**Exercise instructions:**
Search the records below for the string "definition" and copy each line where it turns up.

(Collected data)
(* Let $\Gamma$ be an additive subgroup of $\mathbb{R}$ and let $\mu_1,\ldots,\mu_m\in\mathbb{R}$ be such that their classes in $\mathbb{R}/\langle\Gamma\rangle$ are $\mathbb{Q}$-linearly independent. Let $\Gamma'=\langle\Gamma\cup\{\mu_1,\ldots,\mu_m\}\rangle$, so that every $\alpha\in\Gamma'$ can be written uniquely as $\alpha=[\alpha]_\Gamma+\sum_{j=1}^m[\alpha]_{\mu_j}\mu_j$ with $[\alpha]_\Gamma\in\langle\Gamma\rangle$ and $[\alpha]_{\mu_j}\in\mathbb{Q}$. Then for every $j=1,\ldots,m$ there exists a derivation $\mathcal{D}_j$ of $\mathbb{C}((x^{\Gamma'}))$ (a $\mathbb{C}$-linear map satisfying the Leibniz rule) such that \[ \mathcal{D}_j\Big(\sum_{i\ge1}c_ix^{\alpha_i}\Big)=\sum_{i\ge1}c_i[\alpha_i]_{\mu_j}x^{\alpha_i}. \]
   Context: $\Omega$ denotes the field of generalized power series $\sum_{i\ge1}c_i x^{\mu_i}$ with $c_i\in\mathbb{C}$, $\mu_i\in\mathbb{R}$ strictly increasing and tending to $\infty$ when there are infinitely many terms. For $E\subset\mathbb{R}$, $\langle E\rangle$ is the $\mathbb{Q}$-linear span of $E$ in $\mathbb{R}$. For an additive subgroup $G\subset\mathbb{R}$, $\mathbb{C}((x^{G}))\subset\Omega$ is the subfield of series whose support (set of exponents with non-zero coefficient) is contained in $G$. *)

theory Defs
  imports Complex_Main
begin

text \<open>Generalized power series sum c_i x^mu_i are represented by their coefficient
  function f :: real => complex (f a is the coefficient of x^a).  Membership in Omega:
  the exponents form a strictly increasing sequence tending to infinity if infinite,
  i.e. for every bound r only finitely many exponents are <= r.\<close>

definition gps_support :: "(real \<Rightarrow> complex) \<Rightarrow> real set" where
  "gps_support f = {a. f a \<noteq> 0}"

definition Omega :: "(real \<Rightarrow> complex) set" where
  "Omega = {f. \<forall>r. finite {a. f a \<noteq> 0 \<and> a \<le> r}}"

definition gps_mult :: "(real \<Rightarrow> complex) \<Rightarrow> (real \<Rightarrow> complex) \<Rightarrow> (real \<Rightarrow> complex)" where
  "gps_mult f g = (\<lambda>c. \<Sum>a\<in>{a. f a \<noteq> 0 \<and> g (c - a) \<noteq> 0}. f a * g (c - a))"

definition qspan :: "real set \<Rightarrow> real set" where
  "qspan E = {x. \<exists>S q. finite S \<and> S \<subseteq> E \<and> (\<forall>s\<in>S. q s \<in> \<rat>) \<and> x = (\<Sum>s\<in>S. q s * s)}"

definition Cx :: "real set \<Rightarrow> (real \<Rightarrow> complex) set" where
  "Cx G = {f \<in> Omega. gps_support f \<subseteq> G}"

text \<open>The coordinate [alpha]_{mu_j}: the rational coefficient of mu_j in the unique
  decomposition alpha = [alpha]_Gamma + sum_{k<m} [alpha]_{mu_k} mu_k.\<close>
definition mu_coord :: "real set \<Rightarrow> (nat \<Rightarrow> real) \<Rightarrow> nat \<Rightarrow> nat \<Rightarrow> real \<Rightarrow> real" where
  "mu_coord \<Gamma> \<mu> m j \<alpha> = (THE q. \<exists>r. (\<forall>k<m. r k \<in> \<rat>) \<and>
       \<alpha> - (\<Sum>k<m. r k * \<mu> k) \<in> qspan \<Gamma> \<and> r j = q)"

end

theory Submission
  imports Defs
begin

text \<open>Uniqueness of the decomposition modulo \<open>\<langle>\<Gamma>\<rangle>\<close> makes the coordinate \<open>[\<alpha>]\<^sub>\<mu>\<^sub>j\<close>
  additive on \<open>\<Gamma>'\<close>. Multiplying coefficients by an additive weight \<open>w\<close> is a derivation:
  the coefficient of \<open>x^c\<close> in a product collects the terms with exponents \<open>a\<close> and \<open>c - a\<close>,
  and \<open>w c = w a + w (c - a)\<close>.\<close>

lemma qspan_zero: "0 \<in> qspan E"
  unfolding qspan_def by (intro CollectI exI[of _ "{}"]) auto

lemma qspan_cons:
  assumes "c \<in> \<rat>" "s \<in> E" "y \<in> qspan E"
  shows "c * s + y \<in> qspan E"
proof -
  obtain S q where S: "finite S" "S \<subseteq> E" "\<forall>t\<in>S. q t \<in> \<rat>" and y: "y = (\<Sum>t\<in>S. q t * t)"
    using assms(3) unfolding qspan_def by blast
  define q' where "q' = q(s := (if s \<in> S then q s else 0) + c)"
  have "y = (if s \<in> S then q s * s else 0) + (\<Sum>t\<in>S - {s}. q t * t)"
    using S(1) by (simp add: y sum.remove)
  also have "(\<Sum>t\<in>S - {s}. q t * t) = (\<Sum>t\<in>S - {s}. q' t * t)"
    by (rule sum.cong) (auto simp: q'_def)
  finally have "c * s + y = (\<Sum>t\<in>insert s S. q' t * t)"
    using S(1) by (simp add: sum.insert_remove q'_def algebra_simps)
  moreover have "\<forall>t\<in>insert s S. q' t \<in> \<rat>"
    using S(3) assms(1) by (auto simp: q'_def)
  ultimately show ?thesis
    unfolding qspan_def using S(1,2) assms(2) by blast
qed
lemma mat_integrable_mult_right:
  assumes X: "\<And>\<omega>. X \<omega> \<in> carrier_mat nr n" and int: "mat_integrable P nr n X"
    and A: "A \<in> carrier_mat n nc"
  shows "mat_integrable P nr nc (\<lambda>\<omega>. X \<omega> * A)"
  unfolding mat_integrable_def
proof (intro allI impI)
  fix i j assume i: "i < nr" and j: "j < nc"
  have "(\<lambda>\<omega>. (X \<omega> * A) $$ (i,j)) = (\<lambda>\<omega>. \<Sum>q<n. X \<omega> $$ (i,q) * A $$ (q,j))"
    using A i j by (simp add: carrier_matD[OF X] scalar_prod_def lessThan_atLeast0)
  moreover have "integrable P (\<lambda>\<omega>. \<Sum>q<n. X \<omega> $$ (i,q) * A $$ (q,j))"
    using int i unfolding mat_integrable_def
    by (intro Bochner_Integration.integrable_sum integrable_mult_left) auto
  ultimately show "integrable P (\<lambda>\<omega>. (X \<omega> * A) $$ (i,j))" by simp
qed

lemma integrable_cnj_mult_L2:
  fixes f g :: "'w \<Rightarrow> complex"
  assumes f: "f \<in> borel_measurable P" "integrable P (\<lambda>\<omega>. (cmod (f \<omega>))\<^sup>2)"
    and g: "g \<in> borel_measurable P" "integrable P (\<lambda>\<omega>. (cmod (g \<omega>))\<^sup>2)"
  shows "integrable P (\<lambda>\<omega>. cnj (f \<omega>) * g \<omega>)"
proof (rule Bochner_Integration.integrable_bound)
  show "integrable P (\<lambda>\<omega>. (cmod (f \<omega>))\<^sup>2 + (cmod (g \<omega>))\<^sup>2)" using f g by simp
  have "(\<lambda>\<omega>. cnj (f \<omega>)) \<in> borel_measurable P"
    by (rule borel_measurable_continuous_on[OF _ f(1)]) (auto intro: continuous_intros)
  then show "(\<lambda>\<omega>. cnj (f \<omega>) * g \<omega>) \<in> borel_measurable P"
    using g(1) by (rule borel_measurable_times)
  show "AE \<omega> in P. norm (cnj (f \<omega>) * g \<omega>) \<le> norm ((cmod (f \<omega>))\<^sup>2 + (cmod (g \<omega>))\<^sup>2)"
  proof (rule AE_I2)
    fix \<omega>
    have "(cmod (f \<omega>) - cmod (g \<omega>))\<^sup>2
        = (cmod (f \<omega>))\<^sup>2 - 2 * cmod (f \<omega>) * cmod (g \<omega>) + (cmod (g \<omega>))\<^sup>2"
      by (simp add: power2_diff)
    moreover have "0 \<le> (cmod (f \<omega>) - cmod (g \<omega>))\<^sup>2" "0 \<le> cmod (f \<omega>) * cmod (g \<omega>)" by simp_all
    ultimately have "cmod (f \<omega>) * cmod (g \<omega>) \<le> (cmod (f \<omega>))\<^sup>2 + (cmod (g \<omega>))\<^sup>2" by linarith
    then show "norm (cnj (f \<omega>) * g \<omega>) \<le> norm ((cmod (f \<omega>))\<^sup>2 + (cmod (g \<omega>))\<^sup>2)"
      by (simp add: norm_mult)
  qed
qed

lemma mat_integrable_adjoint_mult:
  fixes A B :: "'w \<Rightarrow> complex mat"
  assumes A: "\<And>\<omega>. A \<omega> \<in> carrier_mat L n1" and B: "\<And>\<omega>. B \<omega> \<in> carrier_mat L n2"
    and A_meas: "\<And>p j. p < L \<Longrightarrow> j < n1 \<Longrightarrow> (\<lambda>\<omega>. A \<omega> $$ (p,j)) \<in> borel_measurable P"
    and B_meas: "\<And>p j. p < L \<Longrightarrow> j < n2 \<Longrightarrow> (\<lambda>\<omega>. B \<omega> $$ (p,j)) \<in> borel_measurable P"
    and A_L2: "\<And>p j. p < L \<Longrightarrow> j < n1 \<Longrightarrow> integrable P (\<lambda>\<omega>. (cmod (A \<omega> $$ (p,j)))\<^sup>2)"
    and B_L2: "\<And>p j. p < L \<Longrightarrow> j < n2 \<Longrightarrow> integrable P (\<lambda>\<omega>. (cmod (B \<omega> $$ (p,j)))\<^sup>2)"
  shows "mat_integrable P n1 n2 (\<lambda>\<omega>. mat_adjoint (A \<omega>) * B \<omega>)"
  unfolding mat_integrable_def
proof (intro allI impI)
  fix i j assume i: "i < n1" and j: "j < n2"
  have "(\<lambda>\<omega>. (mat_adjoint (A \<omega>) * B \<omega>) $$ (i,j)) = (\<lambda>\<omega>. \<Sum>p<L. cnj (A \<omega> $$ (p,i)) * B \<omega> $$ (p,j))"
    using i j by (simp add: carrier_matD[OF A] carrier_matD[OF B] scalar_prod_def lessThan_atLeast0)
  moreover have "integrable P (\<lambda>\<omega>. \<Sum>p<L. cnj (A \<omega> $$ (p,i)) * B \<omega> $$ (p,j))"
    using i j A_meas B_meas A_L2 B_L2
    by (intro Bochner_Integration.integrable_sum integrable_cnj_mult_L2) auto
  ultimately show "integrable P (\<lambda>\<omega>. (mat_adjoint (A \<omega>) * B \<omega>) $$ (i,j))" by simp
qed
text \<open>
  A spin-c set S of a distinguished matrix is never empty (take U = {1, 2}). Conjugating
  suitable columns, which changes neither J_M nor the spin-c property, makes the block of M
  on S self-conjugate, so that i \<rightarrow> j iff M i j = 3 is a tournament on S. A triple
  U \<subseteq> S has J_M(U) = {} exactly when it is a directed 3-cycle, hence the hypothesis makes
  the tournament transitive. Its two top vertices then have equal rows on the rest of S, whereas the
  spin-c condition for a pair U = {i, j} says that these rows differ in an odd number of
  places. So |S| = 1, and a transposition moving S to {1}, followed by conjugating the columns
  whose entry in the first row is 3, gives the standard form with k = 1 and l = 0.
\<close>

lemma kconj_add: "kconj (x + y) = kconj x + kconj y"
  by (cases x; cases y) (simp_all add: plus_klein_def)

lemma kconj_sum: "kconj (sum g A) = (\<Sum>a\<in>A. kconj (g a))"
  by (induction A rule: infinite_finite_induct) (simp_all add: zero_klein_def kconj_add)

lemma kconj_eq_K1_iff [simp]: "kconj x = K1 \<longleftrightarrow> x = K1"
  by (cases x) auto

lemma klein_add_eq_K0_iff: "a + b = K0 \<longleftrightarrow> a = b" for a b :: klein
  by (cases a; cases b) (simp_all add: plus_klein_def)

lemma klein_K1_add_eq_K1_iff [simp]: "K1 + a = K1 \<longleftrightarrow> a = K0" "a + K1 = K1 \<longleftrightarrow> a = K0"
  by (cases a; simp add: plus_klein_def)+

lemma klein_add_eq_K1_iff:
  "a \<in> {K2, K3} \<Longrightarrow> b \<in> {K2, K3} \<Longrightarrow> a + b = K1 \<longleftrightarrow> a \<noteq> b"
  by (auto simp: plus_klein_def)

lemma klein_add3_neq_K1:
  "a \<in> {K2, K3} \<Longrightarrow> b \<in> {K2, K3} \<Longrightarrow> c \<in> {K2, K3} \<Longrightarrow> a + (b + c) \<noteq> K1"
  by (auto simp: plus_klein_def)

lemma kconj_kconj [simp]: "kconj (kconj x) = x"
  by (cases x) auto

lemma klein_gauge_edge:
  "a \<in> {K2, K3} \<Longrightarrow> b \<in> {K2, K3} \<Longrightarrow> (if a = b then kconj else id) a = kconj b"
  by auto

lemma klein_gauge_triangle:
  assumes "a \<in> {K2, K3}" "b \<in> {K2, K3}" "a' \<in> {K2, K3}" "b' \<in> {K2, K3}" "e \<in> {K2, K3}" "f \<in> {K2, K3}"
    and "odd (of_bool (a \<noteq> b) + of_bool (a' \<noteq> f) + of_bool (b' \<noteq> e) :: nat)"
  shows "(if a' = a then kconj else id) f = kconj ((if b' = b then kconj else id) e)"
  using assms by (simp; elim disjE) simp_all

lemma distinguished_diag: "distinguished n M \<Longrightarrow> i \<in> {1..n} \<Longrightarrow> M i i = K1"
  by (simp add: distinguished_def)

lemma distinguished_off_diag:
  "distinguished n M \<Longrightarrow> i \<in> {1..n} \<Longrightarrow> j \<in> {1..n} \<Longrightarrow> i \<noteq> j \<Longrightarrow> M i j \<in> {K2, K3}"
  by (simp add: distinguished_def)

lemma gact_apply:
  "gact c \<sigma> M i j = (if c j then kconj else id) (M (inv \<sigma> i) (inv \<sigma> j))"
  by (simp add: gact_def)

lemma JM_gact:
  assumes \<sigma>: "\<sigma> permutes {1..n}"
  shows "JM n (gact c \<sigma> M) U = \<sigma> ` JM n M (inv \<sigma> ` U)"
proof -
  have \<tau>: "inv \<sigma> permutes {1..n}" using \<sigma> by (rule permutes_inv)
  have "j \<in> JM n (gact c \<sigma> M) U \<longleftrightarrow> inv \<sigma> j \<in> JM n M (inv \<sigma> ` U)" for j
  proof -
    have "(\<Sum>i\<in>inv \<sigma> ` U. M i (inv \<sigma> j)) = (\<Sum>i\<in>U. M (inv \<sigma> i) (inv \<sigma> j))"
      using permutes_inj[OF \<tau>] by (simp add: sum.reindex inj_on_subset)
    then have "(\<Sum>i\<in>U. gact c \<sigma> M i j) = (if c j then kconj else id) (\<Sum>i\<in>inv \<sigma> ` U. M i (inv \<sigma> j))"
      by (simp add: gact_apply kconj_sum)
    then show ?thesis
      unfolding JM_def mem_Collect_eq permutes_in_image[OF \<tau>] by simp
  qed
  moreover have "j \<in> \<sigma> ` B \<longleftrightarrow> inv \<sigma> j \<in> B" for j B
    by (metis inj_image_mem_iff permutes_inj[OF \<sigma>] permutes_inverses(1)[OF \<sigma>])
  ultimately show ?thesis
    by blast
qed

lemma symdiff_image: "inj f \<Longrightarrow> symdiff (f ` A) (f ` B) = f ` symdiff A B"
  unfolding symdiff_def by (simp add: image_Un image_set_diff)

lemma spinc_set_gact:
  assumes \<sigma>: "\<sigma> permutes {1..n}" and S: "spinc_set n M S"
  shows "spinc_set n (gact c \<sigma> M) (\<sigma> ` S)"
  unfolding spinc_set_def
proof (intro conjI allI impI)
  show "\<sigma> ` S \<subseteq> {1..n}"
    using S permutes_image[OF \<sigma>] by (auto simp: spinc_set_def)
next
  fix U assume U: "U \<subseteq> {1..n}"
  have inj: "inj \<sigma>" "inj (inv \<sigma>)"
    using \<sigma> permutes_inv permutes_inj by blast+
  let ?V = "inv \<sigma> ` U"
  have V: "?V \<subseteq> {1..n}" using U permutes_image[OF permutes_inv[OF \<sigma>]] by auto
  have U_eq: "U = \<sigma> ` ?V"
    using permutes_inverses(1)[OF \<sigma>] by (simp add: image_image)
  have "symdiff (JM n (gact c \<sigma> M) U) U \<inter> \<sigma> ` S = \<sigma> ` (symdiff (JM n M ?V) ?V \<inter> S)"
    by (subst (2) U_eq) (simp add: JM_gact[OF \<sigma>] symdiff_image inj image_Int)
  then have "card (symdiff (JM n (gact c \<sigma> M) U) U \<inter> \<sigma> ` S) = card (symdiff (JM n M ?V) ?V \<inter> S)"
    by (simp add: card_image inj_on_subset[OF inj(1)])
  moreover have "card ?V = card U" by (simp add: card_image inj_on_subset[OF inj(2)])
  ultimately show "card (symdiff (JM n (gact c \<sigma> M) U) U \<inter> \<sigma> ` S) mod 2 = (card U choose 2) mod 2"
    using S V by (simp add: spinc_set_def)
qed

lemma distinguished_gact:
  assumes \<sigma>: "\<sigma> permutes {1..n}" and M: "distinguished n M"
  shows "distinguished n (gact c \<sigma> M)"
proof -
  have \<tau>: "inv \<sigma> permutes {1..n}" using \<sigma> by (rule permutes_inv)
  have inj: "inv \<sigma> i = inv \<sigma> j \<longleftrightarrow> i = j" for i j
    using permutes_inj[OF \<tau>] by (auto dest: injD)
  show ?thesis
    unfolding distinguished_def gact_apply
  proof (intro conjI ballI impI)
    fix i assume "i \<in> {1..n}"
    then show "(if c i then kconj else id) (M (inv \<sigma> i) (inv \<sigma> i)) = K1"
      using distinguished_diag[OF M] permutes_in_image[OF \<tau>] by simp
  next
    fix i j assume "i \<in> {1..n}" "j \<in> {1..n}" "i \<noteq> j"
    then have "M (inv \<sigma> i) (inv \<sigma> j) \<in> {K2, K3}"
      using distinguished_off_diag[OF M] permutes_in_image[OF \<tau>] inj by simp
    then show "(if c j then kconj else id) (M (inv \<sigma> i) (inv \<sigma> j)) \<in> {K2, K3}"
      by auto
  qed
qed

lemma JM_doubleton:
  assumes M: "distinguished n M" and x: "x \<in> {1..n}" and y: "y \<in> {1..n}" and "x \<noteq> y"
  shows "JM n M {x, y} = {k \<in> {1..n}. k \<noteq> x \<and> k \<noteq> y \<and> M x k \<noteq> M y k}"
proof -
  have "M x k + M y k = K1 \<longleftrightarrow> k \<noteq> x \<and> k \<noteq> y \<and> M x k \<noteq> M y k" if k: "k \<in> {1..n}" for k
  proof -
    consider "k = x" | "k = y" | "k \<noteq> x" "k \<noteq> y" by blast
    then show ?thesis
    proof cases
      case 1
      then show ?thesis
        using \<open>x \<noteq> y\<close> distinguished_diag[OF M x] distinguished_off_diag[OF M y x]
        by (auto simp: klein_add_eq_K0_iff)
    next
      case 2
      then show ?thesis
        using \<open>x \<noteq> y\<close> distinguished_diag[OF M y] distinguished_off_diag[OF M x y]
        by (auto simp: klein_add_eq_K0_iff)
    next
      case 3
      then show ?thesis
        using distinguished_off_diag[OF M x k] distinguished_off_diag[OF M y k]
        by (simp add: klein_add_eq_K1_iff)
    qed
  qed
  then show ?thesis
    using \<open>x \<noteq> y\<close> by (auto simp: JM_def)
qed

**Final answer:**
definition gps_support :: "(real \<Rightarrow> complex) \<Rightarrow> real set" where
definition Omega :: "(real \<Rightarrow> complex) set" where
definition gps_mult :: "(real \<Rightarrow> complex) \<Rightarrow> (real \<Rightarrow> complex) \<Rightarrow> (real \<Rightarrow> complex)" where
definition qspan :: "real set \<Rightarrow> real set" where
definition Cx :: "real set \<Rightarrow> (real \<Rightarrow> complex) set" where
definition mu_coord :: "real set \<Rightarrow> (nat \<Rightarrow> real) \<Rightarrow> nat \<Rightarrow> nat \<Rightarrow> real \<Rightarrow> real" where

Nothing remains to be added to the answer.